My other next door neighbor burst out of his house and started screaming. Apparently he had been watching from inside. He yelled at the owner something about how the dog should have been on a leash and pick him up, get him to the vet, RIGHT NOW. I also heard a voice whimpering oh no, oh no, oh no and realized it was mine. The owner ushered the still upright and walking dog into their house and closed the door. The truck was long gone; it never even slowed down.

Realizing there was nothing I could do, I turned around and made eye contact with my neighbor and his son. Oh god, I hope he didn’t see, I thought, and not knowing what else to do I turned and walked into my house and burst into tears.

I kept peeking out my window because I wanted to make sure they were going to get the dog emergency care. I saw a man come out and empty out the trunk of a car. The next time I peeked, the car was gone.

Over the weekend I kept watching for the car, and it didn’t come back until 48 hours later. I am both desperate and terrified to know how the dog is – too terrified to go and outright ask.

Needless to say, that event definitely spoiled my day and probably my entire weekend. I took a ridiculously long shower, trying to wash off the trauma. As a trauma therapist, I’ve heard every disturbing narrative you could imagine and many you can’t, but I’ve never actually seen something so traumatic. I also can’t tolerate violence toward animals, real or fabricated.

I spent the rest of the day manically cleaning my house. None of us went anywhere that day.

Since then, we’ve essentially been sheltering in place. On Sunday I saw on Facebook that our local library was closing the next day, so I ran out and checked out a buttload of books and DVDs to hopefully last us for a long time. My husband called in sick on Monday and then went to work on Tuesday only to pack all of his office supplies into his car so he could continue working from home. Besides walks around the neighborhood, grocery shopping, the dentist, and one trip to the pediatrician because my kids continue to be sick, we’ve been hanging out at home, just trying to hang on and get well.

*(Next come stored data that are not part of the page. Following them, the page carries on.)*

lemma split_tiling_bij: "bij_betw split_tiling (TD lam a mu) (TD lam1 a mu1 \<times> TD lam2 i mu2)"
proof (rule bij_betw_byWitness[where f' = join_tilings])
  show "\<forall>T\<in>TD lam a mu. join_tilings (split_tiling T) = T"
    unfolding TD_eq_tilings join_tilings_def split_tiling_def by (simp add: glue_pieces)
  show "\<forall>p\<in>TD lam1 a mu1 \<times> TD lam2 i mu2. split_tiling (join_tilings p) = p"
  proof
    fix p assume "p \<in> TD lam1 a mu1 \<times> TD lam2 i mu2"
    then have Q1: "fst p \<in> tilings (Reg \<inter> cut_below)"
      and Q2: "transl_tiling (int n1) (snd p) \<in> tilings (Reg \<inter> cut_above)"
      by (auto simp: mem_Times_iff TD_lam1_iff TD_lam2_iff)
    show "split_tiling (join_tilings p) = p"
      unfolding split_tiling_def join_tilings_def
      by (simp add: pieces_glue_lower[OF Q1 Q2] pieces_glue_upper[OF Q1 Q2])
  qed
  show "split_tiling ` TD lam a mu \<subseteq> TD lam1 a mu1 \<times> TD lam2 i mu2"
    using pieces_tilings by (auto simp: TD_eq_tilings[of lam] split_tiling_def TD_lam1_iff TD_lam2_iff)
  show "join_tilings ` (TD lam1 a mu1 \<times> TD lam2 i mu2) \<subseteq> TD lam a mu"
    using glue_tiling by (auto simp: TD_eq_tilings[of lam] join_tilings_def TD_lam1_iff TD_lam2_iff)
qed

text \<open>The norm is additive: \<open>4\<parallel>T\<parallel>\<close> counts the half-cells covered by \<open>T\<close>, and the
  half-cells covered below and above the cut are counted by the two pieces.\<close>
lemma split_tiling_norm:
  assumes T: "T \<in> TD lam a mu"
  shows "tnorm T = tnorm (fst (split_tiling T)) + tnorm (snd (split_tiling T))"
proof -
  have T': "T \<in> tilings Reg" using T by (simp add: TD_eq_tilings)
  have "\<Union>T \<subseteq> Reg"
    using tilings_tile[OF T'] by blast
  then have fin: "finite (\<Union>T)"
    using region_finite by (rule finite_subset)
  have "card (\<Union>T) = card ((\<Union>T \<inter> cut_below) \<union> (\<Union>T \<inter> cut_above))"
    by (rule arg_cong[where f = card]) blast
  also have "\<dots> = card (\<Union>T \<inter> cut_below) + card (\<Union>T \<inter> cut_above)"
    by (rule card_Un_disjoint) (use fin in auto)
  finally have "card (\<Union>T) = card (\<Union>T \<inter> cut_below) + card (\<Union>T \<inter> cut_above)" .
  moreover have "4 * tnorm T = card (\<Union>T)"
    by (rule tnorm_card[OF T'])
  moreover have "4 * tnorm (fst (split_tiling T)) = card (\<Union>T \<inter> cut_below)"
    unfolding split_tiling_def fst_conv tnorm_card[OF pieces_tilings(1)[OF T']] Union_pieces ..
  moreover have "4 * tnorm (snd (split_tiling T)) = card (\<Union>T \<inter> cut_above)"
  proof -
    have "snd (split_tiling T) \<in> TD lam2 i mu2"
      unfolding split_tiling_def snd_conv TD_lam2_iff transl_tiling_inverse'
      by (rule pieces_tilings(2)[OF T'])
    then have "4 * tnorm (snd (split_tiling T)) = card (\<Union>(snd (split_tiling T)))"
      unfolding TD_eq_tilings by (rule tnorm_card)
    also have "\<dots> = card (diag_transl (- int n1) ` (\<Union>T \<inter> cut_above))"
      unfolding split_tiling_def snd_conv Union_transl_tiling Union_pieces ..
    also have "\<dots> = card (\<Union>T \<inter> cut_above)"
      by (rule card_image) (rule inj_on_subset[OF inj_transl], simp)
    finally show ?thesis .
  qed
  ultimately show ?thesis by simp
qed

end

theorem lemma3p6:
  fixes lam1 lam2 mu1 mu2 :: "bool list" and n1 n2 a b i :: nat
  assumes "lam1 \<in> Dyck (2 * n1)" and "lam2 \<in> Dyck (2 * n2)"
    and "mu1 \<in> Lpaths lam1 a i" and "mu2 \<in> Lpaths lam2 i b"
  shows "\<exists>\<phi>. bij_betw \<phi> (TD (lam1 @ lam2) a (mu1 @ mu2)) (TD lam1 a mu1 \<times> TD lam2 i mu2)
           \<and> (\<forall>T\<in>TD (lam1 @ lam2) a (mu1 @ mu2).
                 tnorm T = tnorm (fst (\<phi> T)) + tnorm (snd (\<phi> T)))"
proof -
  interpret concat_setup lam1 lam2 mu1 mu2 n1 n2 a b i
    using assms by unfold_locales
  show ?thesis
    using split_tiling_bij split_tiling_norm by blast
qed

end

I’m pretty terrified. I’ve said it feels like we’re waiting for an invisible tidal wave to hit us and the anticipation is crushing me. I’ve had to shake off the ridiculous expectations that suddenly mothers are supposed to homeschool their kids like we don’t have enough shit piled on our backs. Not only are mine still ill, but they are confused and frustrated and do not take well to their mom trying to get them to do fucking worksheets. To hell with all that. We’ve been taking temperatures daily, we’ve been watching a lot of movies, and we’ve been taking walks, reading books, writing letters to grandparents, and doing art. On our walks, I’ve been carrying chalk and writing positive messages around the neighborhood. Once the rains come and wash them away, I’ll go out and do it again. Not sure if I’m doing that for myself or for others, but I guess that doesn’t really matter.

I’ve been meaning to compile a list of the positive side effects we’ve been experiencing as a result of all this chaos.

  • We get to sleep in
  • We don’t have to worry about being on time for shit
  • All the hilarious memes and videos and late night shows being broadcast from celebrities’ couches
  • I don’t have to make school lunches every night
  • My husband is home during the day
  • My house is going to be spotless by the time this is all over
  • Our carbon footprint has been drastically reduced! Both on a local and global level; how exciting is that?! Perhaps this experience will drive lasting change.

Now go wash your hands and stop touching your face.